The function used to start an application is startApplication. This function starts the given
application (assuming it is located in an application path—see
AUTs and Settings (Section 7.3)) using the given command line arguments
and returns a corresponding ApplicationContext object.
The application context object is a handle that refers to the
application.
Optionally, as the second and third parameters, a host and port can be
passed to the startApplication function.
This way, the startApplication function
will connect to the squishserver on the specified host and listen to
the specified port, instead of using the default host and port (as
specified in the Squish IDE's settings or on the squishrunner's command
line). This allows us to control multiple applications on multiple
computers from a single test script.
Special care must be taken if the application is using a different GUI
toolkit than the test suite's default toolkit. The global testSettings Object (Section 6.3.19) object allows us to set the configuration
of the toolkit wrapper on a per-AUT basis. See the testSettings.setWrappersForApplication function
for details on how to do this.
If we run two or more AUTs within a test script, which one should test
code apply to? We can make one of the AUTs the “active”
application by using the setApplicationContext function, passing an
ApplicationContext as the sole parameter. Once the call is
made, all script code applies to the active application—unless
another setApplicationContext call is made
to change the active application. Note that whenever we call the startApplication function, not only is the
application's ApplicationContext object returned, but the
application is automatically set to be the active application.
We can obtain a list of all the currently running AUTs'
ApplicationContext objects, by calling the applicationContextList function. And we can
retrieve the context object of the active application by calling the
currentApplicationContext function.
![[Note]](images/note.png) | AUT Sub-processes |
|---|---|
If you want to record and access applications which are started by the AUT itself, and not by Squish, see the Record / Replay on Sub-Processes started by the AUT (Section 7.7) section. |
We will now look at some examples that show how to start multiple AUTs
and how to use ApplicationContext objects to query them.

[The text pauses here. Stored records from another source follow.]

(* Consider the triangle graph with vertices $s,o,v$ and edges $\{s,o\},\{s,v\},\{v,o\}$, whose edge delays $\tau_{\{s,o\}},\tau_{\{s,v\}},\tau_{\{v,o\}}$ are independent exponential random variables with rates $\lambda_1,\lambda_2,\lambda_3>0$ respectively, and an SI infection started at $s$ at time $0$, so that $\tau_o=\min\{\tau_{\{s,o\}},\tau_{\{s,v\}}+\tau_{\{v,o\}}\}$ and $\tau_v=\min\{\tau_{\{s,v\}},\tau_{\{s,o\}}+\tau_{\{o,v\}}\}$. Let $\mathbb{T}$ be the random infection spanning tree defined in the context. Then $$\mathbb{P}(\mathbb{T}=T_1)=\frac{\lambda_1\lambda_3}{(\lambda_1+\lambda_2)(\lambda_2+\lambda_3)},\quad \mathbb{P}(\mathbb{T}=T_2)=\frac{\lambda_2\lambda_3}{(\lambda_1+\lambda_2)(\lambda_1+\lambda_3)},$$ $$\mathbb{P}(\mathbb{T}=T_3)=\frac{\lambda_1\lambda_2(\lambda_1+\lambda_2+2\lambda_3)}{(\lambda_1+\lambda_2)(\lambda_2+\lambda_3)(\lambda_3+\lambda_1)}.$$ Moreover, the conditional distribution of $\tau_o$ given $\mathbb{T}$ is: given $\mathbb{T}=T_1$, $\mathrm{Exponential}(\lambda_1+\lambda_2)$; given $\mathbb{T}=T_2$, the law of $X+Y$ with $X\sim\mathrm{Exponential}(\lambda_1+\lambda_2)$ and $Y\sim\mathrm{Exponential}(\lambda_1+\lambda_3)$ independent; given $\mathbb{T}=T_3$, the law of $X+BY$ with $X\sim\mathrm{Exponential}(\lambda_1+\lambda_2)$, $Y\sim\mathrm{Exponential}(\lambda_1+\lambda_3)$ and $B$ a Bernoulli random variable with $\mathbb{P}(B=1)=(\lambda_2+\lambda_3)/(\lambda_1+\lambda_2+2\lambda_3)$, all three independent.
   Context: The three spanning trees of the triangle are $T_1$ with edges $\{s,o\},\{o,v\}$; $T_2$ with edges $\{s,v\},\{v,o\}$; $T_3$ with edges $\{s,v\},\{s,o\}$. The random tree $\mathbb{T}$ records through which edges the nodes $o$ and $v$ got infected: $\mathbb{T}=T_1$ if $v$ is infected through $o$, i.e., $\tau_{\{s,o\}}+\tau_{\{o,v\}}<\tau_{\{s,v\}}$; $\mathbb{T}=T_2$ if $o$ is infected through $v$, i.e., $\tau_{\{s,v\}}+\tau_{\{v,o\}}<\tau_{\{s,o\}}$; and $\mathbb{T}=T_3$ otherwise (both $o$ and $v$ infected directly by $s$). *)

theory Defs
  imports "HOL-Probability.Probability"
begin

datatype spanning_tree = T1 | T2 | T3

text \<open>Arguments: a = delay of edge {s,o}, b = delay of edge {s,v}, c = delay of edge {v,o}.\<close>
definition infection_tree :: "real \<Rightarrow> real \<Rightarrow> real \<Rightarrow> spanning_tree" where
  "infection_tree a b c =
     (if a + c < b then T1 else if b + c < a then T2 else T3)"

definition infection_time_o :: "real \<Rightarrow> real \<Rightarrow> real \<Rightarrow> real" where
  "infection_time_o a b c = min a (b + c)"

definition infection_time_v :: "real \<Rightarrow> real \<Rightarrow> real \<Rightarrow> real" where
  "infection_time_v a b c = min b (a + c)"

definition exp_law :: "real \<Rightarrow> real measure" where
  "exp_law l = density lborel (exponential_density l)"

definition sum_law :: "real \<Rightarrow> real \<Rightarrow> real measure" where
  "sum_law l m = distr (exp_law l \<Otimes>\<^sub>M exp_law m) borel (\<lambda>(x, y). x + y)"

definition mixed_law :: "real \<Rightarrow> real \<Rightarrow> real \<Rightarrow> real measure" where
  "mixed_law l m p = distr (exp_law l \<Otimes>\<^sub>M (exp_law m \<Otimes>\<^sub>M measure_pmf (bernoulli_pmf p))) borel
      (\<lambda>(x, y, b). x + (if b then 1 else 0) * y)"

end

(*
  Every event {TT = T_i, tau_o in A} is a condition on the three independent exponential
  delays a = t_so, b = t_sv, c = t_vo, and its probability is computed by integrating out one
  delay at a time.  Two properties of the law Exp(l) make each integral explicit:
  memorylessness, int_{x >= t} g x dExp(l) = exp (-l t) * int g (t + w) dExp(l) for t >= 0, and
  exponential tilting, exp (-k x) dExp(l)(x) = l / (l + k) * dExp(l + k)(x).

  On T1 (a + c < b) integrating out b leaves tau_o = a weighted by exp (-l2 a), i.e. Exp(l1 + l2).
  On T2 (b + c < a) integrating out a leaves tau_o = b + c weighted by exp (-l1 (b + c)), i.e. the
  sum of independent Exp(l1 + l2) and Exp(l1 + l3) variables.  On T3 always tau_o = a: the part
  with a <= b again gives Exp(l1 + l2), the part with b < a gives, after substituting a = b + w,
  the same sum law; their masses are the two weights of the Bernoulli mixture.
*)
theory Submission
  imports Defs
begin

section \<open>The exponential law\<close>

lemma prob_space_exp_law: "0 < l \<Longrightarrow> prob_space (exp_law l)"
  unfolding exp_law_def by (rule prob_space_exponential_density)

lemma sets_exp_law [simp, measurable_cong]: "sets (exp_law l) = sets borel"
  by (simp add: exp_law_def)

We will take as an example a client/server chat system. The system has a
chat server called chatserver, written in Qt, which
must be running for communication to take place, and two chat clients,
one written in Qt called chatclientqt, and the
other written in Windows called chatclientwin. We
will use a Squish for Qt package, which includes the wrappers for Qt
and native Windows applications, and a Qt test suite.
In the test we will first start the chat server. Then we start two clients; these automatically connect to the chat server at startup. We will then type something into the message editor of the first client and check that the second client received the message.
startApplication("chatserver")
client1 = startApplication("chatclientqt")
testSettings.setWrappersForApplication("chatclientwin", ("Windows"))
client2 = startApplication("chatclientwin")
setApplicationContext(client1)
editor = waitForObject("ChatWindow.messageEditor")
type(editor, "Message for client #2")
setApplicationContext(client2)
msgView = waitForObject("ChatWindow.messageView")
test.compare(msgView.text, "Message for client #2")
startApplication("chatserver");
var client1 = startApplication("chatclientqt");
testSettings.setWrappersForApplication("chatclientwin", ["Windows"]);
var client2 = startApplication("chatclientwin");
setApplicationContext(client1);
var editor = waitForObject("ChatWindow.messageEditor");
type(editor, "Message for client #2");
setApplicationContext(client2);
var msgView = waitForObject("ChatWindow.messageView");
test.compare(msgView.text, "Message for client #2");
startApplication("chatserver");
my $client1 = startApplication("chatclientqt");
testSettings->setWrappersForApplication("chatclientwin", ("Windows"));
my $client2 = startApplication("chatclientwin");
setApplicationContext($client1);
my $editor = waitForObject("ChatWindow.messageEditor");
type($editor, "Message for client #2");
setApplicationContext($client2);
my $msgView = waitForObject("ChatWindow.messageView");
test::compare($msgView->text, "Message for client #2");
startApplication("chatserver")
client1 = startApplication("chatclientqt")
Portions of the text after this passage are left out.